How ARB compares to other governance tokens
ARB belongs to the class of capped-supply governance tokens with no fee accrual — closer to a pure vote token than to a fee-burning network coin. Unlike Ethereum, where the base-fee burn can push net supply negative, ARB has no burn at all because its host chain charges gas in ETH; and unlike an exchange token that buys back and burns from revenue, ARB has no programmatic buyback. That leaves vesting as the sole scheduled driver, so ARB's inflation reads cleanly off its unlock calendar rather than off network activity.
The contrast worth drawing is with capped tokens whose unlocks have already finished — those settle to flat supply and score well on an inflation lens, while ARB is still mid-vest and dilutes at roughly four to five percent a quarter. It also contrasts with chains that pair emission with a burn: ARB has neither a burn nor a buyback, so its supply curve is a one-way ratchet upward until the schedule ends. And unlike a token with a static, dormant reserve, ARB carries an actively-spending DAO Treasury, which is exactly why our monitor reads hotter than the scheduled vesting and why the ⚠ chip ships. For an inflation lens specifically, ARB reads as steadily, structurally inflationary by vesting, with a treasury-spend tailwind on top.

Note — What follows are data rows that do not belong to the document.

(* $\mathfrak{mc}(\mathsf{null},\subseteq)=\operatorname{non}(\mathsf{null})$.
   Context: $\mathsf{null}$ is the ideal of Lebesgue measure zero subsets of $2^\omega$, ordered by inclusion. For a poset $P$, a chain is a set of pairwise comparable elements and $\mathfrak{mc}(P)$ is the minimal cardinality of a maximal (under inclusion) chain. $\operatorname{non}(\mathsf{null})$ is the minimal size of a subset of $2^\omega$ that is not Lebesgue null. *)

theory Defs
  imports "HOL-Probability.Probability"
begin

unbundle cardinal_syntax

definition cantor_measure :: "(nat \<Rightarrow> bool) measure" where
  "cantor_measure = PiM UNIV (\<lambda>_. measure_pmf (bernoulli_pmf (1/2)))"

text \<open>The null ideal: all subsets of 2^omega of (outer) Lebesgue measure zero,
  i.e. subsets of measurable null sets.\<close>
definition null :: "(nat \<Rightarrow> bool) set set" where
  "null = {A. \<exists>B \<in> null_sets cantor_measure. A \<subseteq> B}"

definition min_card_in :: "'a set set \<Rightarrow> 'a set \<Rightarrow> bool" where
  "min_card_in S A \<longleftrightarrow> A \<in> S \<and> (\<forall>B \<in> S. card_of A \<le>o card_of B)"

definition maximal_chains_null :: "(nat \<Rightarrow> bool) set set set" where
  "maximal_chains_null = {C. subset.maxchain null C}"

definition non_null_sets :: "(nat \<Rightarrow> bool) set set" where
  "non_null_sets = {X. X \<notin> null}"

end

theory Submission
  imports Defs
begin

text \<open>For any proper ideal \<open>I\<close> of sets containing the singletons, both inequalities between
  the least size of a maximal chain and \<open>non(I)\<close> are elementary.
  If \<open>C\<close> is a maximal chain, then \<open>\<Union>C\<close> is not in \<open>I\<close>: otherwise \<open>\<Union>C\<close> plus a point outside it
  could be added to \<open>C\<close>. Moreover every point \<open>x \<in> \<Union>C\<close> has a least member of \<open>C\<close> containing
  it, and maximality (removing a point from that member) makes this assignment injective,
  so \<open>|\<Union>C| \<le> |C|\<close>.
  Conversely, well-order a non-member \<open>X\<close> of least size in order type \<open>|X|\<close>: its proper initial
  segments are smaller than \<open>X\<close>, hence in \<open>I\<close>, and they form a maximal chain of size \<open>|X|\<close>,
  because a set comparable with all initial segments is either an initial segment itself
  or covers \<open>X\<close> up to at most one point.\<close>

lemma subset_maxchain_memI:
  assumes C: "subset.maxchain A C" and "N \<in> A" and comparable: "\<forall>X\<in>C. X \<subseteq> N \<or> N \<subseteq> X"
  shows "N \<in> C"
proof (rule ccontr)
  assume "N \<notin> C"
  have "subset.chain A (insert N C)"
    using C \<open>N \<in> A\<close> comparable by (auto simp: subset.maxchain_def subset_chain_def)
  moreover have "C \<subset> insert N C" using \<open>N \<notin> C\<close> by auto
  ultimately show False using C by (auto simp: subset.maxchain_def)
qed

lemma min_card_in_exists: "S \<noteq> {} \<Longrightarrow> \<exists>A. min_card_in S A"
  using exists_minim_Well_order[of "card_of ` S"] card_of_Well_order
  by (fastforce simp: min_card_in_def)

lemma Field_subset_insert_Union_underS:
  assumes "Linear_order r"
  shows "\<exists>m. Field r \<subseteq> insert m (\<Union>y\<in>Field r. underS r y)"
proof -
  let ?U = "\<Union>y\<in>Field r. underS r y"
  have unique: "x = x'" if x: "x \<in> Field r - ?U" and x': "x' \<in> Field r - ?U" for x x'
  proof (rule ccontr)
    assume "x \<noteq> x'"
    with x x' assms have "(x, x') \<in> r \<or> (x', x) \<in> r"
      unfolding linear_order_on_def total_on_def by blast
    with x x' \<open>x \<noteq> x'\<close> show False by (auto simp: underS_def)
  qed
  show ?thesis
  proof (cases "Field r - ?U = {}")
    case False
    then obtain m where "m \<in> Field r - ?U" by blast
    with unique show ?thesis by blast
  qed blast
qed

text \<open>Only heredity, closure under adding a point and properness are needed below;
  closure under finite unions is not.\<close>
locale proper_set_ideal =
  fixes I :: "'a set set"
  assumes subset_closed: "A \<in> I \<Longrightarrow> B \<subseteq> A \<Longrightarrow> B \<in> I"
    and insert_closed: "A \<in> I \<Longrightarrow> insert x A \<in> I"
    and UNIV_notin: "UNIV \<notin> I"
begin

lemma Union_maxchain_notin:
  assumes C: "subset.maxchain I C"
  shows "\<Union>C \<notin> I"
proof
  assume U: "\<Union>C \<in> I"
  obtain z where z: "z \<notin> \<Union>C" using U UNIV_notin by (metis UNIV_eq_I)
  have "X \<subseteq> insert z (\<Union>C)" if "X \<in> C" for X using that by auto
  then have "insert z (\<Union>C) \<in> C"
    using subset_maxchain_memI[OF C insert_closed[OF U]] by blast
  with z show False by auto
qed

lemma Inter_containing_in_maxchain:
  assumes C: "subset.maxchain I C" and x: "x \<in> \<Union>C"
  shows "\<Inter>{X\<in>C. x \<in> X} \<in> C"
proof (rule subset_maxchain_memI[OF C])
  have chain: "C \<subseteq> I" "\<forall>X\<in>C. \<forall>Y\<in>C. X \<subseteq> Y \<or> Y \<subseteq> X"
    using C by (auto simp: subset.maxchain_def subset_chain_def)
  from x obtain X where "X \<in> C" "x \<in> X" by auto
  then show "\<Inter>{X\<in>C. x \<in> X} \<in> I"
    using chain(1) by (blast intro: subset_closed)
  show "\<forall>Y\<in>C. Y \<subseteq> \<Inter>{X\<in>C. x \<in> X} \<or> \<Inter>{X\<in>C. x \<in> X} \<subseteq> Y"
    using chain(2) by blast
qed

lemma card_Union_maxchain_le:
  assumes C: "subset.maxchain I C"
  shows "|\<Union>C| \<le>o |C|"
proof -
  define least where "least x = \<Inter>{X\<in>C. x \<in> X}" for x
  have least_in: "least x \<in> C" if "x \<in> \<Union>C" for x
    using Inter_containing_in_maxchain[OF C that] by (simp add: least_def)
  have "inj_on least (\<Union>C)"
  proof (rule inj_onI, rule ccontr)
    fix x y assume x: "x \<in> \<Union>C" and "y \<in> \<Union>C" and eq: "least x = least y" and "x \<noteq> y"
    have "least x - {y} \<in> C"
    proof (rule subset_maxchain_memI[OF C])
      show "least x - {y} \<in> I"
        using least_in[OF x] C by (auto simp: subset.maxchain_def subset_chain_def intro: subset_closed)
      show "\<forall>X\<in>C. X \<subseteq> least x - {y} \<or> least x - {y} \<subseteq> X"
      proof
        fix X assume "X \<in> C"
        then have "X \<subseteq> least x \<or> least x \<subseteq> X"
          using least_in[OF x] C by (auto simp: subset.maxchain_def subset_chain_def)
        moreover have "y \<in> X \<Longrightarrow> least x \<subseteq> X"
          using \<open>X \<in> C\<close> eq by (auto simp: least_def)
        ultimately show "X \<subseteq> least x - {y} \<or> least x - {y} \<subseteq> X" by blast
      qed
    qed
    then have "least x \<subseteq> least x - {y}"
      using \<open>x \<noteq> y\<close> by (auto simp: least_def)
    moreover have "y \<in> least x" using eq by (simp add: least_def)
    ultimately show False by blast
  qed
  moreover have "least ` \<Union>C \<subseteq> C" using least_in by auto
  ultimately show ?thesis using card_of_ordLeq by blast
qed
text \<open>Let \<open>w = \<beta> - A \<gamma>\<^sub>0\<close> be the residual. The normal equation reads \<open>\<Psi> \<gamma>\<^sub>0 = A\<^sup>T w =: u\<close>,
  and testing it against \<open>\<gamma>\<^sub>0\<close> gives \<open>Q := \<gamma>\<^sub>0\<^sup>T \<Psi> \<gamma>\<^sub>0 = w\<^sup>T \<beta> - |w|\<^sup>2 \<le> |w| |\<beta>|\<close>.
  The upper eigenvalue bound gives \<open>|u|\<^sup>2 \<le> K Q\<close>, and (A.2) gives \<open>|u|\<^sup>2 = w\<^sup>T A A\<^sup>T w \<ge> c p |w|\<^sup>2\<close>
  for large \<open>p\<close>; together \<open>|u|\<^sup>2 = O(1/p)\<close>. The lower eigenvalue bound gives
  \<open>k |\<gamma>\<^sub>0| \<le> |u|\<close>, so \<open>|\<gamma>\<^sub>0| = O(1/\<surd>p)\<close> and \<open>\<parallel>\<gamma>\<^sub>0\<parallel>\<^sub>1 \<le> \<surd>p |\<gamma>\<^sub>0| = O(1)\<close>.\<close>

text \<open>Since the dimension \<open>p\<close> varies, vectors of \<open>\<real>\<^sup>n\<close> are represented by functions
  \<open>nat \<Rightarrow> real\<close> of which only the first \<open>n\<close> values matter, and matrices by their
  coefficient functions \<open>nat \<Rightarrow> nat \<Rightarrow> real\<close>.\<close>

definition dotn :: "nat \<Rightarrow> (nat \<Rightarrow> real) \<Rightarrow> (nat \<Rightarrow> real) \<Rightarrow> real" where
  "dotn n x y = (\<Sum>i<n. x i * y i)"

What to watch in the next 90 days
Watch the three monthly vesting cliffs on Jul 16 2026, Aug 16 2026 and Sep 16 2026 — each adds about 92.65M ARB and together they are the bulk of the supply growth. Watch DAO governance for how fast the 2027 Foundation budget and any new incentive or grant round actually spend down the Treasury, since that discretionary flow is what drives the monitor gap. Watch whether the July 2026 fee-sharing model ever routes value into an ARB buyback or burn, which would be the first buy-side offset ARB has ever had. And note that the monthly unlock schedule runs out around March 2027, after which team and investor dilution stops and the Treasury becomes the only remaining lever.
Summary
ARB is a capped, no-mint, no-burn governance token whose supply still grows because it is mid-way through a multi-year vesting schedule. Three monthly cliffs add about 277.9M ARB over the next 90 days against zero buy-side offset, leaving the framework at about +4.37% net — below our supply monitor's +5.31% by 0.94 points, a gap that ships a ⚠ chip because the DAO Treasury is spending ARB into the float faster than the scheduled vesting alone. The dominant risk and the dominant overhang are the same thing: the Arbitrum DAO Treasury, about 42.78% of supply, which dilutes only when governance votes to spend it. ARB stays structurally inflationary by vesting until the unlock schedule completes in early 2027, with nothing in the protocol to buy supply back.
MrNasdog Pressure Framework analysis of Arbitrum (ARB), Metric 1 — Inflation. Data + explanation only. Not financial advice. Updated July 13 2026.